Copy, from the material below, each line that contains the word "proof".

########################################

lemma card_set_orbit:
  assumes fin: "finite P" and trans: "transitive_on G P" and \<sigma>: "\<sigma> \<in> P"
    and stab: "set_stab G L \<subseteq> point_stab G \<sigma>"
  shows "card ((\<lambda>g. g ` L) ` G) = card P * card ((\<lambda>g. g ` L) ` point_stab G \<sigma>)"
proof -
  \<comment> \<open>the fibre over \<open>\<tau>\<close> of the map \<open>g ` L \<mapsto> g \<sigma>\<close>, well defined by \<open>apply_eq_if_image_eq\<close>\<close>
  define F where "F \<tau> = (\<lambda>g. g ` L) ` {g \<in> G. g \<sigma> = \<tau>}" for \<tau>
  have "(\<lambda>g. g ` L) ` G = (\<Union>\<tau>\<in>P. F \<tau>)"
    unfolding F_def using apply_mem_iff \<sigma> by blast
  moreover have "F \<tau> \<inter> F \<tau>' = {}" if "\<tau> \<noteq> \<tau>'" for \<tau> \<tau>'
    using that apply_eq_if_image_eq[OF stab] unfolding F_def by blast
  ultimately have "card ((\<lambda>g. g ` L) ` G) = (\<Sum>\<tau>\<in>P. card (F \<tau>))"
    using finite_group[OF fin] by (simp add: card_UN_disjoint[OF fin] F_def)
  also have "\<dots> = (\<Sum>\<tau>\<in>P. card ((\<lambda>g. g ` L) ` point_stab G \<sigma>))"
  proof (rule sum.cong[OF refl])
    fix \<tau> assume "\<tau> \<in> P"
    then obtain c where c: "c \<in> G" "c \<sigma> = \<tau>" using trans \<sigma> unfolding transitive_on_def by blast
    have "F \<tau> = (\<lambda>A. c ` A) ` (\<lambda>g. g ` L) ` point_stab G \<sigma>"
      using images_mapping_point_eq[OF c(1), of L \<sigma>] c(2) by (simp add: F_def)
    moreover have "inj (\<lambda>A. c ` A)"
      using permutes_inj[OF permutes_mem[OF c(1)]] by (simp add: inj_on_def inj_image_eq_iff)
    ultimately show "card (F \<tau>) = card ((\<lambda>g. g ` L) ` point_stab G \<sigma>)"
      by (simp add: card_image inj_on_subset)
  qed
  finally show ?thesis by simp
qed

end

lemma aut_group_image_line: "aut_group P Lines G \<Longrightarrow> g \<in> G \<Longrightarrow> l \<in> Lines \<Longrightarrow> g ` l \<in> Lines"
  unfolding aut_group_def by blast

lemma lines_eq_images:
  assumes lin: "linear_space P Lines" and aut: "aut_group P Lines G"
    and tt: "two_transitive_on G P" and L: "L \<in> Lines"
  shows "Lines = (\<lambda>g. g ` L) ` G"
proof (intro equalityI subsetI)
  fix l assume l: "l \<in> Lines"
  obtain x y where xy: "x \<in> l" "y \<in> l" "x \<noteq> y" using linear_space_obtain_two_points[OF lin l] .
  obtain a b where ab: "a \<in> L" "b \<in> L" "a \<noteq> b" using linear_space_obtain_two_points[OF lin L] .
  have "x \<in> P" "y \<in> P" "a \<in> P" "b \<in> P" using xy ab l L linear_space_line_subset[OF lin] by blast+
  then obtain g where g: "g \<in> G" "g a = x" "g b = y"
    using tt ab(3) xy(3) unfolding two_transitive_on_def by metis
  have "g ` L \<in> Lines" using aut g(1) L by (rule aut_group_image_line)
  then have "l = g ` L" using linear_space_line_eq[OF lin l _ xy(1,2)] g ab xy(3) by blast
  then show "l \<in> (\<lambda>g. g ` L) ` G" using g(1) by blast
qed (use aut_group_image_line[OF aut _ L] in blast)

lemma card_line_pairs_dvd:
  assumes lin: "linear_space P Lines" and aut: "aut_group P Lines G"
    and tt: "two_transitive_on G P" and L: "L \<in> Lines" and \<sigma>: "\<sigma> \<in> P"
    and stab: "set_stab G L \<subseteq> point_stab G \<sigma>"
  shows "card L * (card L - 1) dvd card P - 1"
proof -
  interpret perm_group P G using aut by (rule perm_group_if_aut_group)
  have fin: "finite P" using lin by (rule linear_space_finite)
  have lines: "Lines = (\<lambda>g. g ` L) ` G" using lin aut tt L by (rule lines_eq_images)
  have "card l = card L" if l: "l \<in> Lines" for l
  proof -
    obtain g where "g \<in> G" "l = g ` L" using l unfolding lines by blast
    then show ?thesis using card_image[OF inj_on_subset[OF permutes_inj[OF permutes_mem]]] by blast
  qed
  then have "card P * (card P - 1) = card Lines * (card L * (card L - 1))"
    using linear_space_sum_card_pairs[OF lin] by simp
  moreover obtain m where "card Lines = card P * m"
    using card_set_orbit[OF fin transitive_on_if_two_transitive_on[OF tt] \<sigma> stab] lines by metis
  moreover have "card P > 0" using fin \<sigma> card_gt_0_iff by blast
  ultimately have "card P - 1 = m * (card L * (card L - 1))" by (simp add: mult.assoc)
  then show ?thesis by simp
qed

########################################

- **TASK RESPONSE**:
proof -
  proof (rule sum.cong[OF refl])
proof (intro equalityI subsetI)
proof -
  proof -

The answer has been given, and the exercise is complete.